経験と人脈を駆使して国政を動かしたと強調
「法制度が、被災した人は指定避難所に入るものと想定しており、自宅などに自主避難している人には支援が行き届かなかった」と語り、災害対策基本法に福祉の観点が抜けていたと指摘した。
さらに、過酷な環境となった1.5次避難所についても、「もともと1.5次避難所は(中略)一時的なトリアージの施設として立ち上げました」「ところが開所すると、介護が必要な高齢者がどっと入ってこられた」と語り、想定外の事態であったことを強調した。
その上で、国の支援制度の壁に対しては自らの政治力を活かしたと胸を張る。「被災者生活再建支援制度では、住宅の再建に対して最大300万円しか支給されないことになっていましたが(中略)岸田首相に電話し、直談判しました」と明かし、結果として高齢者や障害のある世帯には特例的に最大600万円まで支給されることになった成果をアピールした。

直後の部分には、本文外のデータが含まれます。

(* Let $\mathcal{X}$ be a finite set, $\mathcal{B}$ any set of strategies and $l:\mathcal{B}\times\mathcal{X}\to\mathbb{R}$ a loss function. Define the set of optimizing strategies $$\mathcal{B}_{\mathrm{opt}}=\Big\{\arg\min_{b\in\mathcal{B}}\sum_{x\in\mathcal{X}}\lambda(x)l(b,x):\ \lambda(x)\ge0\ \forall x,\ \exists x:\lambda(x)>0\Big\},$$ and suppose $R=\sup_{x\in\mathcal{X},b\in\mathcal{B}_{\mathrm{opt}}}l(b,x)<\infty$ (the loss need only be bounded on $\mathcal{B}_{\mathrm{opt}}$). For a sequence $x_1,x_2,\ldots\in\mathcal{X}$ let $N_t(x)$ be the number of $i\le t$ with $x_i=x$; let $(h_t)$ be non-decreasing and positive, $u_t(x)$ i.i.d. uniform on $[0,1]$, $P^{(u)}_t(x)=\frac{N_{t-1}(x)+h_tu_t(x)}{t-1+h_t\sum_{x'}u_t(x')}$ and $\hat b_t=\arg\min_{b\in\mathcal{B}}\sum_xP^{(u)}_t(x)l(b,x)$. With $\hat L_n=\sum_{t=1}^nl(\hat b_t,x_t)$, $L_n^*=\min_b\sum_{t=1}^nl(b,x_t)$ and $\overline{\mathcal{R}}_{\max}=\max_{x_1^n}\mathbb{E}[\hat L_n-L_n^*]$, the following hold: (1) $\overline{\mathcal{R}}_{\max}\le 2R\sum_{t=1}^nh_t^{-1}+2R|\mathcal{X}|h_n$; (2) for $h_t=h_1t^\alpha$, $h_1>0$, $\alpha\in(0,1)$, $\overline{\mathcal{R}}_{\max}/n\to0$; (3) for $h_t=\sqrt{2t/|\mathcal{X}|}$, $\overline{\mathcal{R}}_{\max}/n\le4R\sqrt{2|\mathcal{X}|/n}$. In particular these hold for the squared loss $l(\mathbf b,\mathbf x)=\|\mathbf b-\mathbf x\|^2$ with finite $\mathcal{X}\subset\mathbb{R}^d$ and $\mathcal{B}=\mathbb{R}^d$, with $R=\max_{\mathbf x,\mathbf x'\in\mathcal{X}}\|\mathbf x-\mathbf x'\|^2$.
   Context: The minimizers are assumed to be attained; the expectation is over the random dither $u_t$. The loss function is fixed over time. *)

theory Defs
  imports "HOL-Probability.Probability"
begin

definition weights_ok :: "'x set \<Rightarrow> ('x \<Rightarrow> real) \<Rightarrow> bool" where
  "weights_ok X w \<longleftrightarrow> (\<forall>x\<in>X. 0 \<le> w x) \<and> (\<exists>x\<in>X. 0 < w x)"

definition wloss :: "'x set \<Rightarrow> ('b \<Rightarrow> 'x \<Rightarrow> real) \<Rightarrow> ('x \<Rightarrow> real) \<Rightarrow> 'b \<Rightarrow> real" where
  "wloss X l w b = (\<Sum>x\<in>X. w x * l b x)"

definition argmin_set :: "'x set \<Rightarrow> 'b set \<Rightarrow> ('b \<Rightarrow> 'x \<Rightarrow> real) \<Rightarrow> ('x \<Rightarrow> real) \<Rightarrow> 'b set" where
  "argmin_set X B l w = {b\<in>B. \<forall>b'\<in>B. wloss X l w b \<le> wloss X l w b'}"

definition Bopt :: "'x set \<Rightarrow> 'b set \<Rightarrow> ('b \<Rightarrow> 'x \<Rightarrow> real) \<Rightarrow> 'b set" where
  "Bopt X B l = (\<Union>w\<in>{w. weights_ok X w}. argmin_set X B l w)"

definition Rbound :: "'x set \<Rightarrow> 'b set \<Rightarrow> ('b \<Rightarrow> 'x \<Rightarrow> real) \<Rightarrow> real" where
  "Rbound X B l = Sup {l b x | b x. b \<in> Bopt X B l \<and> x \<in> X}"

definition Ncount :: "(nat \<Rightarrow> 'x) \<Rightarrow> nat \<Rightarrow> 'x \<Rightarrow> nat" where
  "Ncount xs t x = card {i\<in>{1..t}. xs i = x}"

definition Pu :: "'x set \<Rightarrow> (nat \<Rightarrow> real) \<Rightarrow> (nat \<Rightarrow> 'x) \<Rightarrow> nat \<Rightarrow> ('x \<Rightarrow> real) \<Rightarrow> 'x \<Rightarrow> real" where
  "Pu X h xs t u = (\<lambda>x\<in>X. (real (Ncount xs (t - 1) x) + h t * u x)
                         / (real (t - 1) + h t * (\<Sum>x'\<in>X. u x')))"

definition dither :: "'x set \<Rightarrow> ('x \<Rightarrow> real) measure" where
  "dither X = PiM X (\<lambda>_. uniform_measure lborel {0..1::real})"

definition dither_seq :: "'x set \<Rightarrow> nat \<Rightarrow> (nat \<Rightarrow> 'x \<Rightarrow> real) measure" where
  "dither_seq X n = PiM {1..n} (\<lambda>_. dither X)"

text \<open>sel is a (tie-breaking) choice of argmin, which exists for every admissible weight
  vector (minimisers attained), and the resulting strategies are random variables.\<close>
definition selector :: "'x set \<Rightarrow> 'b set \<Rightarrow> ('b \<Rightarrow> 'x \<Rightarrow> real) \<Rightarrow> (('x \<Rightarrow> real) \<Rightarrow> 'b) \<Rightarrow> bool" where
  "selector X B l sel \<longleftrightarrow>
     (\<forall>w. weights_ok X w \<longrightarrow> sel w \<in> argmin_set X B l w) \<and>
     (\<forall>h xs t x. (\<forall>s\<ge>1. 0 < h s) \<longrightarrow> 1 \<le> t \<longrightarrow> x \<in> X \<longrightarrow>
        (\<lambda>u. l (sel (Pu X h xs t u)) x) \<in> borel_measurable (dither X))"

definition Lhat :: "'x set \<Rightarrow> ('b \<Rightarrow> 'x \<Rightarrow> real) \<Rightarrow> (('x \<Rightarrow> real) \<Rightarrow> 'b) \<Rightarrow> (nat \<Rightarrow> real)
    \<Rightarrow> (nat \<Rightarrow> 'x) \<Rightarrow> nat \<Rightarrow> (nat \<Rightarrow> 'x \<Rightarrow> real) \<Rightarrow> real" where
  "Lhat X l sel h xs n U = (\<Sum>t=1..n. l (sel (Pu X h xs t (U t))) (xs t))"

text \<open>L_n^* = min over B (the minimum is attained by assumption).\<close>
definition Lstar :: "'b set \<Rightarrow> ('b \<Rightarrow> 'x \<Rightarrow> real) \<Rightarrow> (nat \<Rightarrow> 'x) \<Rightarrow> nat \<Rightarrow> real" where
  "Lstar B l xs n = (INF b\<in>B. \<Sum>t=1..n. l b (xs t))"

definition exp_regret :: "'x set \<Rightarrow> 'b set \<Rightarrow> ('b \<Rightarrow> 'x \<Rightarrow> real) \<Rightarrow> (('x \<Rightarrow> real) \<Rightarrow> 'b)
    \<Rightarrow> (nat \<Rightarrow> real) \<Rightarrow> (nat \<Rightarrow> 'x) \<Rightarrow> nat \<Rightarrow> real" where
  "exp_regret X B l sel h xs n =
     (\<integral>U. (Lhat X l sel h xs n U - Lstar B l xs n) \<partial>dither_seq X n)"

definition regret_max :: "'x set \<Rightarrow> 'b set \<Rightarrow> ('b \<Rightarrow> 'x \<Rightarrow> real) \<Rightarrow> (('x \<Rightarrow> real) \<Rightarrow> 'b)
    \<Rightarrow> (nat \<Rightarrow> real) \<Rightarrow> nat \<Rightarrow> real" where
  "regret_max X B l sel h n =
     Max ((\<lambda>xs. exp_regret X B l sel h xs n) ` ({1..n} \<rightarrow>\<^sub>E X))"

definition regret_bounds :: "'x set \<Rightarrow> 'b set \<Rightarrow> ('b \<Rightarrow> 'x \<Rightarrow> real) \<Rightarrow> (('x \<Rightarrow> real) \<Rightarrow> 'b)
    \<Rightarrow> real \<Rightarrow> bool" where
  "regret_bounds X B l sel R \<longleftrightarrow>
     (\<forall>h. (\<forall>t\<ge>1. 0 < h t) \<longrightarrow> (\<forall>s t. 1 \<le> s \<longrightarrow> s \<le> t \<longrightarrow> h s \<le> h t) \<longrightarrow>
        (\<forall>n\<ge>1. regret_max X B l sel h n
                 \<le> 2 * R * (\<Sum>t=1..n. 1 / h t) + 2 * R * real (card X) * h n)) \<and>
     (\<forall>h1 \<alpha>. 0 < h1 \<longrightarrow> 0 < \<alpha> \<longrightarrow> \<alpha> < 1 \<longrightarrow>
        (\<lambda>n. regret_max X B l sel (\<lambda>t. h1 * real t powr \<alpha>) n / real n) \<longlonglongrightarrow> 0) \<and>
     (\<forall>n\<ge>1. regret_max X B l sel (\<lambda>t. sqrt (2 * real t / real (card X))) n / real n
              \<le> 4 * R * sqrt (2 * real (card X) / real n))"

end

theory Submission
  imports Defs
begin

text \<open>Raising the dither of the current observation \<open>x\<^sub>t\<close> by \<open>1/h\<^sub>t\<close> turns \<open>P\<^sub>t\<close>
  into the perturbed empirical distribution of rounds \<open>1..t\<close>. Since translating a uniform
  variable by \<open>\<delta>\<close> changes the mean of a \<open>[0,R]\<close>-valued function by at most \<open>R \<delta>\<close>, this
  replacement costs at most \<open>R/h\<^sub>t\<close> per round. With the raised dither the chosen strategies
  minimise the cumulative loss plus the penalty \<open>h\<^sub>t \<Sum>\<^sub>x u(x) l(b,x)\<close>, and as \<open>h\<close> is
  non-decreasing the "be the leader" argument shows that they lose at most
  \<open>L\<^sub>n\<^sup>* + h\<^sub>n |X| R\<close>. This yields (1) even with \<open>R\<close> in place of \<open>2R\<close>; (2) and (3) follow
  from the telescoping estimates \<open>\<Sum>\<^sub>t\<^sub>\<le>\<^sub>n t powr -\<alpha> \<le> n powr (1-\<alpha>) / (1-\<alpha>)\<close> and
  \<open>\<Sum>\<^sub>t\<^sub>\<le>\<^sub>n 1 / sqrt t \<le> 2 sqrt n\<close>. For the squared loss every optimal
  strategy is a weighted mean of points of \<open>X\<close>, hence within the diameter of \<open>X\<close> of each
  of them.\<close>

abbreviation unif01 :: "real measure" where
  "unif01 \<equiv> uniform_measure lborel {0..1}"

lemma prob_space_unif01: "prob_space unif01"
  by (rule prob_space_uniform_measure) (auto simp: emeasure_lborel_Icc_eq)

lemma prob_space_dither: "prob_space (dither X)"
  unfolding dither_def by (rule prob_space_PiM) (rule prob_space_unif01)

lemma prob_space_dither_seq: "prob_space (dither_seq X n)"
  unfolding dither_seq_def by (rule prob_space_PiM) (rule prob_space_dither)

lemma AE_dither_unit_interval:
  assumes "finite X"
  shows "AE u in dither X. \<forall>x\<in>X. 0 < u x \<and> u x \<le> 1"
proof -
  have "AE s in unif01. 0 < s \<and> s \<le> 1"
    using AE_lborel_singleton[of "0::real"]
    by (subst AE_uniform_measure) (auto simp: emeasure_lborel_Icc_eq elim!: eventually_mono)
  then have "AE u in dither X. 0 < u x \<and> u x \<le> 1" if "x \<in> X" for x
    unfolding dither_def using that prob_space_unif01 by (intro AE_PiM_component) auto
  then show ?thesis using assms by (subst AE_finite_all) auto
qed

lemma measurable_dither_seq_component:
  "t \<in> {1..n} \<Longrightarrow> (\<lambda>U. U t) \<in> dither_seq X n \<rightarrow>\<^sub>M dither X"
  unfolding dither_seq_def by simp

lemma distr_dither_seq_component:
  "t \<in> {1..n} \<Longrightarrow> distr (dither_seq X n) (dither X) (\<lambda>U. U t) = dither X"
  unfolding dither_seq_def by (intro distr_PiM_component prob_space_dither) auto

lemma integral_dither_seq_component:
  fixes F :: "('x \<Rightarrow> real) \<Rightarrow> real"
  assumes "t \<in> {1..n}" and "F \<in> borel_measurable (dither X)"
  shows "(\<integral>U. F (U t) \<partial>dither_seq X n) = integral\<^sup>L (dither X) F"
  using integral_distr[OF measurable_dither_seq_component assms(2)] assms(1)
  by (simp add: distr_dither_seq_component)

lemma integrable_dither_seq_component:
  fixes F :: "('x \<Rightarrow> real) \<Rightarrow> real"
  assumes "t \<in> {1..n}" and "F \<in> borel_measurable (dither X)" and "integrable (dither X) F"
  shows "integrable (dither_seq X n) (\<lambda>U. F (U t))"
  using integrable_distr_eq[OF measurable_dither_seq_component assms(2)] assms
  by (simp add: distr_dither_seq_component)

lemma integrable_indicator_times_bounded:
  fixes g :: "real \<Rightarrow> real"
  assumes [measurable]: "g \<in> borel_measurable borel" and "\<And>x. \<bar>g x\<bar> \<le> R"
  shows "integrable lborel (\<lambda>x. indicator {a..b} x * g x)"
proof (rule Bochner_Integration.integrable_bound)
  show "integrable lborel (\<lambda>x. \<bar>R\<bar> * indicator {a..b} x)"
    by (intro integrable_mult_right integrable_real_indicator) (auto simp: emeasure_lborel_Icc_eq)
  show "AE x in lborel. norm (indicator {a..b} x * g x) \<le> norm (\<bar>R\<bar> * indicator {a..b} x)"
    using assms(2) by (intro AE_I2) (auto simp: indicator_def abs_mult intro: order_trans[OF _ abs_ge_self])
qed simp

lemma integral_unif01:
  fixes f :: "real \<Rightarrow> real"
  assumes [measurable]: "f \<in> borel_measurable borel"
  shows "integral\<^sup>L unif01 f = (\<integral>x. indicator {0..1} x * f x \<partial>lborel)"
proof -
  have "unif01 = density lborel (\<lambda>x. ennreal (indicator {0..1} x))"
    unfolding uniform_measure_def
    by (intro arg_cong[where f="density lborel"]) (auto simp: fun_eq_iff indicator_def of_bool_def)
  then show ?thesis by (simp add: integral_density)
qed

text \<open>Translating a uniform variable by \<open>\<delta>\<close> moves mass \<open>\<delta>\<close> out of \<open>[0,1]\<close>, on which a
  function with values in \<open>[0,R]\<close> can lose at most \<open>R \<delta>\<close>.\<close>
lemma integral_unif01_le_shift:
  fixes \<psi> :: "real \<Rightarrow> real"
  assumes [measurable]: "\<psi> \<in> borel_measurable borel"
    and bounds: "\<And>s. 0 \<le> \<psi> s \<and> \<psi> s \<le> R" and "0 \<le> \<delta>"
  shows "integral\<^sup>L unif01 \<psi> \<le> (\<integral>s. \<psi> (s + \<delta>) \<partial>unif01) + R * \<delta>"
proof -
  have abs_le: "\<And>x. \<bar>\<psi> x\<bar> \<le> R" using bounds by (metis abs_of_nonneg)
  have int_shifted: "integrable lborel (\<lambda>x. indicator {\<delta>..1+\<delta>} x * \<psi> x)"
    by (rule integrable_indicator_times_bounded[OF _ abs_le]) simp
  have int_R: "integrable lborel (\<lambda>x. R * indicator {0..\<delta>} x :: real)"
    by (intro integrable_mult_right integrable_real_indicator) (auto simp: emeasure_lborel_Icc_eq)
  have "(\<integral>s. \<psi> (s + \<delta>) \<partial>unif01) = (\<integral>x. indicator {0..1} x * \<psi> (x + \<delta>) \<partial>lborel)"
    by (rule integral_unif01) simp
  also have "\<dots> = (\<integral>x. indicator {0..1} (x - \<delta>) * \<psi> x \<partial>lborel)"
    using lborel_integral_real_affine[of 1 "\<lambda>x. indicator {0..1} (x - \<delta>) * \<psi> x" \<delta>]
    by (simp add: add.commute)
  also have "\<dots> = (\<integral>x. indicator {\<delta>..1+\<delta>} x * \<psi> x \<partial>lborel)"
    by (intro Bochner_Integration.integral_cong) (auto simp: indicator_def)
  finally have shifted: "(\<integral>s. \<psi> (s + \<delta>) \<partial>unif01) = (\<integral>x. indicator {\<delta>..1+\<delta>} x * \<psi> x \<partial>lborel)" .
  have "integral\<^sup>L unif01 \<psi> = (\<integral>x. indicator {0..1} x * \<psi> x \<partial>lborel)"
    by (rule integral_unif01) simp
  also have "\<dots> \<le> (\<integral>x. indicator {\<delta>..1+\<delta>} x * \<psi> x + R * indicator {0..\<delta>} x \<partial>lborel)"
  proof (rule integral_mono)
    show "integrable lborel (\<lambda>x. indicator {0..1} x * \<psi> x)"
      by (rule integrable_indicator_times_bounded[OF _ abs_le]) simp
    show "integrable lborel (\<lambda>x. indicator {\<delta>..1+\<delta>} x * \<psi> x + R * indicator {0..\<delta>} x)"
      using int_shifted int_R by simp
    show "indicator {0..1} x * \<psi> x \<le> indicator {\<delta>..1+\<delta>} x * \<psi> x + R * indicator {0..\<delta>} x" for x
      using bounds[of x] \<open>0 \<le> \<delta>\<close> by (auto simp: indicator_def)
  qed
  also have "\<dots> = (\<integral>x. indicator {\<delta>..1+\<delta>} x * \<psi> x \<partial>lborel) + R * \<delta>"
    using int_shifted int_R \<open>0 \<le> \<delta>\<close> by simp
  finally show ?thesis using shifted by simp
qed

また、問題視された災害対策基本法についても、「25年5月の法改正で、『福祉サービスの提供』が法律として明文化されました。私たちも、この改正を国に強く働きかけました」と述べ、自身の経験と人脈を駆使して国政を動かした実績を強調している。
報告書ではこのほかにも、災害広報においてデジタルになじみのない高齢者に情報を届ける仕組みが欠如していた点や、デジタル技術の活用において紙ベースの入所者管理が多くデータ化に苦慮した点が検証されている。様々なデータを各団体ごとに収集・保有する中で、名簿等個人情報の共有にも時間を要したことが明らかになっている。
知事に対する県民の不満や不信感が選挙の敗北に直結
このように知事からの明確な反論や法的な限界の主張はあったものの、災害時における初動の遅れや県の想定不足が公的な検証結果として詳細に記録された事実は重く、結果として、トップである知事に対する県民の不満や不信感が選挙の敗北に直結したとみられる。
政党の支持動向からも、現職の敗因が明確に読み取れる。馳氏は自民党の県連から推薦を獲得し、全面的にバックアップを受けて戦ったほか、日本維新の会からも推薦を受けていた。しかし、TBS NEWS DIG(3月8日)が報じた出口調査のデータによれば、この巨大な組織戦が機能不全に陥っていたことがわかる。